My favorite part about Lent is hearing what other people choose to give up. You can learn a lot about a person by listening to what they’ll be abandoning for the next month and a half.  There are the people who get overly ambitious: TV, Internet, swearing (not fucking possible), and there are those who consciously opt for the easy way out. Last year my brother gave up strawberry pixy sticks. Punched his ticket to Hell.

I have no place to criticize when it comes to sticking with Lenten sacrifices. I have yet to go the entire 40 days without blatantly failing – and I rarely even come close. When I was a kid I’d always try and give up candy. Two hours after Ash Wednesday mass I’d be playing Chubby Bunny with Nutrageous bars under the dining room table. My track record with the whole meatless Friday thing is even more pathetic. Historically I’ve been known to realize it’s a Lenten Friday as I’m bulldozing a meat lover’s pizza or dumping a bag of Jack Links into my mouth. I’m the guy that brings Boston Market leftovers to a fish fry and still doesn’t get the hint.

So, if you’re still on the fence about what to give up this Lent, let TODM take the reins and offer a few friendly suggestions.

1. Stop using Chat Roulette.

Honestly, I don’t even know if there are still people doing this – but the fact that it was EVER popular is shameful enough. If I wanted to sift through live feeds of dudes jacking off I would have….just….searched for it on Google. Shit is creepier than Kevin Spacey and the Chupacabra combined.

It’s addicting for some people, though. Clicking from weiner to weiner to old dudes weiner to chick taking a dump is somehow captivating. So if that’s too ambitious for you, try giving up hashtag use outside of Twitter. “#hashtaggeryleadstodouchebaggery” is what I’m pretty sure I read on Warren Buffet’s LinkedIn.

2. Stop robbing the ‘Situation’ of Oscar nods.

I know Jersey Shore is a TV show, so not Oscar eligible, but barriers are meant to be broken.

What are Best Actor winners if not experts in the art of dramatic expression? Michael ‘The Sitch’ Sorrentino effortlessly makes Ron Artest and Coral from the Real World look like a couple of pussies. He strolls into the kitchen muttering a few controversial nuggets and pretty soon Ronnie’s upstairs taking Sammie’s bedframe through a woodchipper. Constantly plotting and scheming and stirring shit up – everything about him demands attention. After the episode where he pissed off JWoww until she punched him in the face, I literally went online and bought a pair of red Ed Hardy sweatpants. Look into your souls, people…did you truuuly enjoy ‘The Artist’? Rhetorical question. And by comparison, who DIDN’T tune in to watch Sitch headbutt a concrete wall…suffering brain damage in order to pump some entertainment back into the show. Selfless. Noble. Oscar-worthy.

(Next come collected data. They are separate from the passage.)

(* Let $(\mathcal V,g)$ be a spacetime and $\vec\xi$ a hypersurface-orthogonal Killing vector field, i.e. $\bm\xi\wedge d\bm\xi=0$. Then its Bel current satisfies $\bm j(\vec\xi)\wedge\bm\xi=0$, i.e. $\vec j(\vec\xi)$ is proportional to $\vec\xi$.
   Context: A spacetime is a 4-dimensional manifold with a Lorentzian metric $g$ of signature $(-,+,+,+)$, Levi-Civita connection $\nabla$, Riemann tensor $R_{\alpha\beta\lambda\mu}$. A Killing vector field satisfies $\nabla_{(\alpha}\xi_{\beta)}=0$; $\bm\xi$ is the associated 1-form. The Bel tensor is $$B_{\alpha\beta\lambda\mu}= R_{\alpha\rho\lambda\sigma} R_{\beta}{}^{\rho}{}_{\mu}{}^{\sigma} +R_{\alpha\rho\mu\sigma} R_{\beta}{}^{\rho}{}_{\lambda}{}^{\sigma} -\tfrac{1}{2}g_{\alpha\beta} R_{\rho\tau\lambda\sigma}R^{\rho\tau}{}_{\mu}{}^{\sigma} -\tfrac{1}{2}g_{\lambda\mu} R_{\alpha\rho\sigma\tau}R_{\beta}{}^{\rho\sigma\tau}+ \tfrac{1}{8}g_{\alpha\beta}g_{\lambda\mu} R_{\rho\tau\sigma\nu} R^{\rho\tau\sigma\nu}.$$ The Bel current of Killing vectors $\vec\xi_1,\vec\xi_2,\vec\xi_3$ is $j_\mu(\vec\xi_1,\vec\xi_2,\vec\xi_3)=B_{(\alpha\beta\lambda)\mu}\xi_1^\alpha\xi_2^\beta\xi_3^\lambda$, and $\vec j(\vec\xi)\equiv\vec j(\vec\xi,\vec\xi,\vec\xi)$; $\bm j$ denotes the associated 1-form. *)

theory Defs
  imports "HOL-Analysis.Analysis"
begin

text \<open>Local coordinate description of a spacetime: an open coordinate domain
  U of R^4 (index type 4) carrying a smooth Lorentzian metric g with
  components g x a b.\<close>

type_synonym pt = "real ^ 4"

definition pd :: "4 \<Rightarrow> (pt \<Rightarrow> real) \<Rightarrow> pt \<Rightarrow> real" where
  "pd i f x = deriv (\<lambda>t. f (x + t *\<^sub>R axis i 1)) 0"
(* Let $q\ge1$ and $\alpha\in(0,2\wedge q)$. For all $R>2$ and $K>0$ there is a constant $C=C(K,R)$ such that for all $0\le p,r\le R$, $\eta_0,\eta_1\in(1/R,1/2)$, $l\in\{1,\dots,q\}$, $0\le s<t\le t'<K$ and $x,x'\in[-K,K]^q$: $$\begin{aligned}\int\!\!\int&|w-x|^p|z-x|^p\,(p_{t-s,l}(w-x)-p_{t'-s,l}(w-x'))(p_{t-s,l}(z-x)-p_{t'-s,l}(z-x'))\\&\times\mathbf 1\{|w-x|>(t'-s)^{1/2-\eta_0}\vee2|x-x'|\}\,e^{r|w-x|+r|z-x|}(|w-z|^{-\alpha}+1)\,dw\,dz\\&\le C(t-s)^{-1-\alpha/2}\exp\big(-\eta_1(t'-s)^{-2\eta_0}/256\big)\Big[1\wedge\frac{|x-x'|^2+|t-t'|}{t-s}\Big]^{1-\eta_1/2}.\end{aligned}$$
   Context: $p_t(x)=(2\pi t)^{-q/2}\exp(-|x|^2/(2t))$ is the heat kernel on $\mathbb R^q$ and $p_{t,l}(x)=\partial_{x_l}p_t(x)=-\frac{x_l}{t}p_t(x)$; integrals are over $\mathbb R^q$. *)

theory Defs
  imports "HOL-Analysis.Analysis"
begin

text \<open>Heat kernel on R^q, with R^q rendered as real^'q, q = CARD('q).\<close>
definition heat_kernel :: "real \<Rightarrow> real^'q \<Rightarrow> real" where
  "heat_kernel t x = (2 * pi * t) powr (- real CARD('q) / 2) * exp (- (norm x)\<^sup>2 / (2 * t))"

text \<open>p_{t,l}(x) = d/dx_l p_t(x) = -(x_l/t) p_t(x).\<close>
definition heat_kernel_d :: "real \<Rightarrow> 'q \<Rightarrow> real^'q \<Rightarrow> real" where
  "heat_kernel_d t l x = - (x $ l / t) * heat_kernel t x"

end

theory Submission
  imports Defs "HOL-Probability.Distributions"
begin

text \<open>
  Write \<open>a = t - s \<le> b = t' - s\<close> and \<open>u = w - x\<close>, \<open>h = x' - x\<close>. If \<open>b \<le> 2a\<close> and \<open>|h|\<^sup>2 \<le> a\<close>, the
  mean value theorem along the segment from \<open>(a, u)\<close> to \<open>(b, u - h)\<close> bounds the kernel increment
  by a Gaussian of variance \<open>\<approx> a\<close> times \<open>|h|/\<surd>a + (b - a)/a\<close>; otherwise the two kernels are bounded
  separately and the factor is \<open>1\<close>. Either way the square of this factor is at most
  \<open>4 (1 \<and> (|h|\<^sup>2 + b - a)/a)\<close>. On the support of the indicator \<open>|u| > b\<^bsup>1/2-\<eta>\<^sub>0\<^esup>\<close>, so half of the
  Gaussian in \<open>w\<close> yields the factor \<open>exp (-b\<^bsup>-2\<eta>\<^sub>0\<^esup>/128)\<close>. The polynomial and exponential weights are
  absorbed into the Gaussians by halving their exponents, the singularity \<open>|w - z|\<^bsup>-\<alpha>\<^esup>\<close> is
  integrable against a Gaussian in \<open>z\<close> because \<open>\<alpha> < q\<close> and costs \<open>a\<^bsup>-\<alpha>/2\<^esup>\<close>, and Tonelli's theorem
  multiplies the \<open>z\<close>- and \<open>w\<close>-integrals.
\<close>

section \<open>Gaussian integrals\<close>

lemma nn_integral_exp_neg_square: "(\<integral>\<^sup>+x. ennreal (exp (- x\<^sup>2)) \<partial>lborel) = ennreal (sqrt pi)"
proof -
  have eq: "normal_density 0 (1/sqrt 2) x = exp (- x\<^sup>2) / sqrt pi" for x
    by (simp add: normal_density_def real_sqrt_mult field_simps)
  have "(\<integral>\<^sup>+x. ennreal (normal_density 0 (1/sqrt 2) x) \<partial>lborel) = 1"
    by (subst nn_integral_eq_integral) auto
  hence "(\<integral>\<^sup>+x. ennreal (exp (- x\<^sup>2)) * ennreal (1 / sqrt pi) \<partial>lborel) = 1"
    by (simp add: eq ennreal_mult'[symmetric])
  hence "(\<integral>\<^sup>+x. ennreal (exp (- x\<^sup>2)) \<partial>lborel) * ennreal (1 / sqrt pi) * ennreal (sqrt pi) = ennreal (sqrt pi)"
    by (subst (asm) nn_integral_multc) auto
  thus ?thesis by (simp add: mult.assoc ennreal_mult'[symmetric])
qed

lemma norm_power2_eq_sum_Basis: "(norm (v::'a::euclidean_space))\<^sup>2 = (\<Sum>b\<in>Basis. (v \<bullet> b)\<^sup>2)"
  by (subst power2_norm_eq_inner, subst euclidean_inner) (simp add: power2_eq_square)

lemma nn_integral_exp_neg_norm_square:
  "(\<integral>\<^sup>+v. ennreal (exp (- (norm (v::'a::euclidean_space))\<^sup>2)) \<partial>lborel) = ennreal (sqrt pi ^ DIM('a))"
proof -
  have "(\<lambda>v::'a. ennreal (exp (- (norm v)\<^sup>2))) = (\<lambda>v. \<Prod>b\<in>Basis. ennreal (exp (- (v \<bullet> b)\<^sup>2)))"
    by (auto simp: norm_power2_eq_sum_Basis exp_sum[symmetric] sum_negf prod_ennreal)
  hence "(\<integral>\<^sup>+v. ennreal (exp (- (norm (v::'a))\<^sup>2)) \<partial>lborel)
      = (\<Prod>b\<in>(Basis::'a set). (\<integral>\<^sup>+x. ennreal (exp (- x\<^sup>2)) \<partial>lborel))"
    by (simp only:) (subst nn_integral_lborel_prod, auto)
  thus ?thesis by (simp add: nn_integral_exp_neg_square prod_ennreal ennreal_power)
qed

 I also want to shed some light on how perfect it is that Sitch’s best friend’s name is ‘The Unit.’ Does he only hang out with guys who have nicknames inspired by John Grisham novels? I can’t imagine poker night with those guys…”Yo Obstacle, pass me one of those stogies that The Occurrence brought. I’m takin’ the Framework all in. And where the fuck is The Consequence, he still hasn’t paid up.”

 

I know bruh, it’s just not fair.

3. Refrain from buying those ‘Calvin peeing’ car stickers.

Wanna know why people think you’re a jagoff before even talking to you? Surprisingly it’s not the metal ballsack you have hanging from your hitchport….it’s the decal of Calvin whizzing on “My Ex Wife” written in block letters. Congratulations, you got the last laugh. Now crack another Steel Reserve and cut that alimony check!

 

4. Omit ‘Watch the Throne’ lyrics from your vocabulary.

As ‘cray’ as that shit may be, I think this has run its course.

5. No text messaging on weekend nights.

Bold, I know. Very bold. But you’ll thank me when you no longer have to explain the shaft-shots you mistakenly sent your uncle before dropping your phone into a urinal. These are the kind of sacrifices that really impress the Big Guy upstairs. You don’t think JC ever got hammed, carved something regrettable into a hunk of shale and gave it to some Galilee honies? He was human once too.

Peace be with you, TODM readers. Good luck.